> ABOUT THIS EXERCISE
All lines in the records below with the word "both" must be returned.

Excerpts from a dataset
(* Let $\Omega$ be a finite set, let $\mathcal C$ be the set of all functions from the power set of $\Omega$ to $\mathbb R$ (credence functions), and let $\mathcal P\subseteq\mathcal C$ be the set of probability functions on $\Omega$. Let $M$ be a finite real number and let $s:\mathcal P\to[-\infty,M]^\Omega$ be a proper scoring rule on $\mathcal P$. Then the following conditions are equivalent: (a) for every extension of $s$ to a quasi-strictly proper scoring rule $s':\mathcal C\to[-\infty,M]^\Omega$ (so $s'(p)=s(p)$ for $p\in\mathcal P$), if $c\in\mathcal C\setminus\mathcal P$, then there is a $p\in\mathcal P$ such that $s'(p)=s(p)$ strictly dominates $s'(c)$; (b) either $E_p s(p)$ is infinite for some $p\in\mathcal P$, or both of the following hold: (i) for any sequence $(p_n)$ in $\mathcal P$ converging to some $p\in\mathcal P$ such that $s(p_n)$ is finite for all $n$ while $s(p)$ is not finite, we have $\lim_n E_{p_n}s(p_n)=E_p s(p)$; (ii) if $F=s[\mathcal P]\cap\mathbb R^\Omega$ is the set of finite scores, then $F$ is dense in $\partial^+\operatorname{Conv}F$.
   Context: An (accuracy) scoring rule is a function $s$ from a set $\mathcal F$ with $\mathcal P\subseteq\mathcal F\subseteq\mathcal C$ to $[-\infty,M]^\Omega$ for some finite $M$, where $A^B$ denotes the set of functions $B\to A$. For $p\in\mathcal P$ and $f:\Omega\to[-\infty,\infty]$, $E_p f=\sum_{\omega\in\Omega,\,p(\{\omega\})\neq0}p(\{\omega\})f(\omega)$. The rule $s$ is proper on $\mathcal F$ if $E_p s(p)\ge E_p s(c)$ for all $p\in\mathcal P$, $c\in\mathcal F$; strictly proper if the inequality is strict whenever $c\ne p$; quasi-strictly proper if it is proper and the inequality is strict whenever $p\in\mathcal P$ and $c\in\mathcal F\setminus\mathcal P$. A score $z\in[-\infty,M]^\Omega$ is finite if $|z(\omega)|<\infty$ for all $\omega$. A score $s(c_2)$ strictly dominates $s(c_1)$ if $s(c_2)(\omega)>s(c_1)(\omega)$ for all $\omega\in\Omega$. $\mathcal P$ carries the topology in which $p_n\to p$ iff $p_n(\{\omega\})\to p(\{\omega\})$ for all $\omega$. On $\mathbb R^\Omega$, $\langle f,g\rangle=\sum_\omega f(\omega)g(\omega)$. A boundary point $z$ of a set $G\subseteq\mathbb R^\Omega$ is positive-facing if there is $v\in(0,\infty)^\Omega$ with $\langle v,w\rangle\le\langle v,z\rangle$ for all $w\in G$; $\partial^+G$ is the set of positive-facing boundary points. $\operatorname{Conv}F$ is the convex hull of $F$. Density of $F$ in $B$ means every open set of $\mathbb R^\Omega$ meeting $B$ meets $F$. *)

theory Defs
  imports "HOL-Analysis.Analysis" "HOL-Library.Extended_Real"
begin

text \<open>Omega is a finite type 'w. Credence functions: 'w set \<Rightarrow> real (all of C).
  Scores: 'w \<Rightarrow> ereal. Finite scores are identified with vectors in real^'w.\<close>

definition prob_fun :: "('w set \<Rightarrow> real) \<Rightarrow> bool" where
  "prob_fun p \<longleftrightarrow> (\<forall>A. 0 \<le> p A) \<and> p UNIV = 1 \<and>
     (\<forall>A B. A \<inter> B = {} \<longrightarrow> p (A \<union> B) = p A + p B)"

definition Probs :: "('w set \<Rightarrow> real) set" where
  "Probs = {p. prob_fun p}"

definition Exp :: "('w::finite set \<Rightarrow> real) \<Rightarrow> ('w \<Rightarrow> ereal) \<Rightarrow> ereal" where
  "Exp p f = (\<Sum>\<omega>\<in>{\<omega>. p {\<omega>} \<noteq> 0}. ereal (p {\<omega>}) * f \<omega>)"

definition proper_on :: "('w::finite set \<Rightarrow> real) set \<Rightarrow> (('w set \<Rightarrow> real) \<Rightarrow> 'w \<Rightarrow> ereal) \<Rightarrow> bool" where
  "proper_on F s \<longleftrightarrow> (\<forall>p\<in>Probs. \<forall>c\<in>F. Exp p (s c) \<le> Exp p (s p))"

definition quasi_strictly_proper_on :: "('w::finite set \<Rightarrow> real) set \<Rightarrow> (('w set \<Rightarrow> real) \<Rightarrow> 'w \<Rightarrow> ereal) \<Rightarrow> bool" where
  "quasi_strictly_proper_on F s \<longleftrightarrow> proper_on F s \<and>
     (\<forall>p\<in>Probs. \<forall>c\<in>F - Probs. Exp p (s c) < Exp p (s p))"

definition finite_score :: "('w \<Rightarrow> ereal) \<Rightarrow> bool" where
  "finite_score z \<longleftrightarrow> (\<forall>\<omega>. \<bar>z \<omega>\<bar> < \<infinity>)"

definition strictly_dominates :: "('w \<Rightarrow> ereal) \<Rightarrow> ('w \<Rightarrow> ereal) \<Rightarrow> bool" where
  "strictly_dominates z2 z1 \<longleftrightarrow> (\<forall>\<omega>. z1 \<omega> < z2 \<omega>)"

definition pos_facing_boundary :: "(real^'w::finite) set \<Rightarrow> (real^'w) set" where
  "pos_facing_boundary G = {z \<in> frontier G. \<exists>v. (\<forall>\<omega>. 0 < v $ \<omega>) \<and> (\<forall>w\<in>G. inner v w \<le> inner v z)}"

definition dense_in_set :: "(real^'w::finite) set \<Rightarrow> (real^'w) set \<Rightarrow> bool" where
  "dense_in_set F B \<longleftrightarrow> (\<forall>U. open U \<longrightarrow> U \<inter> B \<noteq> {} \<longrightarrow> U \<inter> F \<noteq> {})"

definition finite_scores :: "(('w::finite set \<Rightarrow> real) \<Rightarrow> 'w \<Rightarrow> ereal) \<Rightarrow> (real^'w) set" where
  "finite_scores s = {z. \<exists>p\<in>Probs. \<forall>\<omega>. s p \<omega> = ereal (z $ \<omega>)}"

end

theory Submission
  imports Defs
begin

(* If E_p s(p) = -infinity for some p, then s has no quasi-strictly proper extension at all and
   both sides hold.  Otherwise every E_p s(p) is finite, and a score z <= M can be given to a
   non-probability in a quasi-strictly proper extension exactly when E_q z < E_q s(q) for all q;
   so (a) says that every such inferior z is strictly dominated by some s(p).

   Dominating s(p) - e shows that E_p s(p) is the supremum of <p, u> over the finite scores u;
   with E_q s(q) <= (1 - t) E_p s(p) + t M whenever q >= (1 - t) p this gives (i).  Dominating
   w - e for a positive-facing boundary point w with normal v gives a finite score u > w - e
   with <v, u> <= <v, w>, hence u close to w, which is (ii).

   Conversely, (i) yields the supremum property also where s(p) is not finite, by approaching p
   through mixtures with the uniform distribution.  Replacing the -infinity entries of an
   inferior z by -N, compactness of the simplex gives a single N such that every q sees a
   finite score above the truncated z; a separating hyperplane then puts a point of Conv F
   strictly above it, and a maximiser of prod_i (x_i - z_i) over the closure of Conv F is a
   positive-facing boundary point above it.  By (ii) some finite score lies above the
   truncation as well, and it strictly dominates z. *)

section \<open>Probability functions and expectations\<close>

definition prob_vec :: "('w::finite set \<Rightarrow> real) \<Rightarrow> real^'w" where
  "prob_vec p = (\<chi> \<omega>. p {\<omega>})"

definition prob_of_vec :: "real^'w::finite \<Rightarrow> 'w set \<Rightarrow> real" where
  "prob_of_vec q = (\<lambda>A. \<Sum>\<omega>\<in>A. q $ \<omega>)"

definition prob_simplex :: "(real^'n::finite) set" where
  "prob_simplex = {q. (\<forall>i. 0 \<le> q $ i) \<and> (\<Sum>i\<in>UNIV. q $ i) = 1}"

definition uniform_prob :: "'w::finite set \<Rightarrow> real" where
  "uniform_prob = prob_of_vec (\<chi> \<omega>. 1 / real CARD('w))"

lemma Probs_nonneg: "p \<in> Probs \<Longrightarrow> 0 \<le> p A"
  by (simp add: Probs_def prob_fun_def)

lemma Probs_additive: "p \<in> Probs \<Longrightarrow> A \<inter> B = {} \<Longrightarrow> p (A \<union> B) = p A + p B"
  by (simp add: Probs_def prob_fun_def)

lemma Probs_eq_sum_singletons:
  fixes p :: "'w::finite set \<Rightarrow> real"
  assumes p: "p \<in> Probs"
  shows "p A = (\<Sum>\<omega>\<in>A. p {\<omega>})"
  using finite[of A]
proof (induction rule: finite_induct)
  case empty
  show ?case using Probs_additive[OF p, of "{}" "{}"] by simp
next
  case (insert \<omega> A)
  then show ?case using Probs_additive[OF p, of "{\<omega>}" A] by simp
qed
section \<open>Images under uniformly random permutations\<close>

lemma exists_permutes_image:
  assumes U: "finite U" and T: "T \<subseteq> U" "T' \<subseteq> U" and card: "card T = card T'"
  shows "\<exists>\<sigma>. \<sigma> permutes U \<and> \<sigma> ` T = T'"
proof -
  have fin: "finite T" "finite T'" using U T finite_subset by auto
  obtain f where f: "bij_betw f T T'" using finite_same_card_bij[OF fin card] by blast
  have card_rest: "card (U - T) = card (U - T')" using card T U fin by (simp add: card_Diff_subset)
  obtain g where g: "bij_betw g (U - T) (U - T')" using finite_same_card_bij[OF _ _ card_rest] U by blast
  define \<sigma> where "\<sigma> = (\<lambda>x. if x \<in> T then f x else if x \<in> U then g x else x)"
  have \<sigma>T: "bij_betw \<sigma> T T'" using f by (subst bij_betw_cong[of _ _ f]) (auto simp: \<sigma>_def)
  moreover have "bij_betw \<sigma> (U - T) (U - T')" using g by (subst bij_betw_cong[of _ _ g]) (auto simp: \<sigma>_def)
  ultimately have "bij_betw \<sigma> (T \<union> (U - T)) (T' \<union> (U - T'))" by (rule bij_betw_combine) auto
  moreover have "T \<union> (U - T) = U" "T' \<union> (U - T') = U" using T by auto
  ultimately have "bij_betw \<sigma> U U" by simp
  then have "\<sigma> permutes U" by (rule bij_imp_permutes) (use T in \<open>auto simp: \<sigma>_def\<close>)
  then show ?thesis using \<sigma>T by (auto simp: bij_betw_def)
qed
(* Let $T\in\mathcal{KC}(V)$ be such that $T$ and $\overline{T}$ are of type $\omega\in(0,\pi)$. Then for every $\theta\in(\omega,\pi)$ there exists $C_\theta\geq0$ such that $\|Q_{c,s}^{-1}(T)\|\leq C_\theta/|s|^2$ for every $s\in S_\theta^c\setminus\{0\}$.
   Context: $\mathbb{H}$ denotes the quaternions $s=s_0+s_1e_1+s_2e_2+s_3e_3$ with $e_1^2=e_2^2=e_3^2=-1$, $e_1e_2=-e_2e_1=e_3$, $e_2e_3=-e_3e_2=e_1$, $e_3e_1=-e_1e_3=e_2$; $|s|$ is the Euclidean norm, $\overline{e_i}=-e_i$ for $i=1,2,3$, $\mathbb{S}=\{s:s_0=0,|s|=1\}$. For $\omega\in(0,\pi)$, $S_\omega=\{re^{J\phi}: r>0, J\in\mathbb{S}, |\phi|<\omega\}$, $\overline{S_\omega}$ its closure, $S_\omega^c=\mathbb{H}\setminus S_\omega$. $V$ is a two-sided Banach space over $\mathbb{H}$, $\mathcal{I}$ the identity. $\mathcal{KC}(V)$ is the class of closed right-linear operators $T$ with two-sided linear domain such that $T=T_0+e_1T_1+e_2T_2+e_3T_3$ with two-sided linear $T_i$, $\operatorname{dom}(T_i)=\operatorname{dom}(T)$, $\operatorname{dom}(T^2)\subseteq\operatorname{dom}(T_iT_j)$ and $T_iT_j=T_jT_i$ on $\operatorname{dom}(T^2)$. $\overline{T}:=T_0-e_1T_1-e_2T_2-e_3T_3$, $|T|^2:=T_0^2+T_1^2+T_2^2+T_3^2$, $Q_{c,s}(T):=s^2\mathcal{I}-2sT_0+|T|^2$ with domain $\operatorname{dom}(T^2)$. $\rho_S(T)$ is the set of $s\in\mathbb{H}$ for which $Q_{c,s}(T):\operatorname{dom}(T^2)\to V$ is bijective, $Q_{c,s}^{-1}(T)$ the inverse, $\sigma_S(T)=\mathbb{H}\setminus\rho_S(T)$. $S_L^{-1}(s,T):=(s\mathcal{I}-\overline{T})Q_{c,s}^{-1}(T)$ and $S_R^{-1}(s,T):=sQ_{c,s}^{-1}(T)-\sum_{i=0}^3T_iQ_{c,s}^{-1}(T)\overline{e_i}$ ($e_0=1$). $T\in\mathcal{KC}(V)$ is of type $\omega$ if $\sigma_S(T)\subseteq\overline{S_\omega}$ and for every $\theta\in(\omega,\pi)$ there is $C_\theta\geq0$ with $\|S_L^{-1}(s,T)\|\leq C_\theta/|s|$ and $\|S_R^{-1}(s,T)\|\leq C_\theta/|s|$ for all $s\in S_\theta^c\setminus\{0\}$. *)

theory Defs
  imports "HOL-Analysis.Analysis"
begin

> TASK SOLUTION
(* Let $\Omega$ be a finite set, let $\mathcal C$ be the set of all functions from the power set of $\Omega$ to $\mathbb R$ (credence functions), and let $\mathcal P\subseteq\mathcal C$ be the set of probability functions on $\Omega$. Let $M$ be a finite real number and let $s:\mathcal P\to[-\infty,M]^\Omega$ be a proper scoring rule on $\mathcal P$. Then the following conditions are equivalent: (a) for every extension of $s$ to a quasi-strictly proper scoring rule $s':\mathcal C\to[-\infty,M]^\Omega$ (so $s'(p)=s(p)$ for $p\in\mathcal P$), if $c\in\mathcal C\setminus\mathcal P$, then there is a $p\in\mathcal P$ such that $s'(p)=s(p)$ strictly dominates $s'(c)$; (b) either $E_p s(p)$ is infinite for some $p\in\mathcal P$, or both of the following hold: (i) for any sequence $(p_n)$ in $\mathcal P$ converging to some $p\in\mathcal P$ such that $s(p_n)$ is finite for all $n$ while $s(p)$ is not finite, we have $\lim_n E_{p_n}s(p_n)=E_p s(p)$; (ii) if $F=s[\mathcal P]\cap\mathbb R^\Omega$ is the set of finite scores, then $F$ is dense in $\partial^+\operatorname{Conv}F$.
   both sides hold.  Otherwise every E_p s(p) is finite, and a score z <= M can be given to a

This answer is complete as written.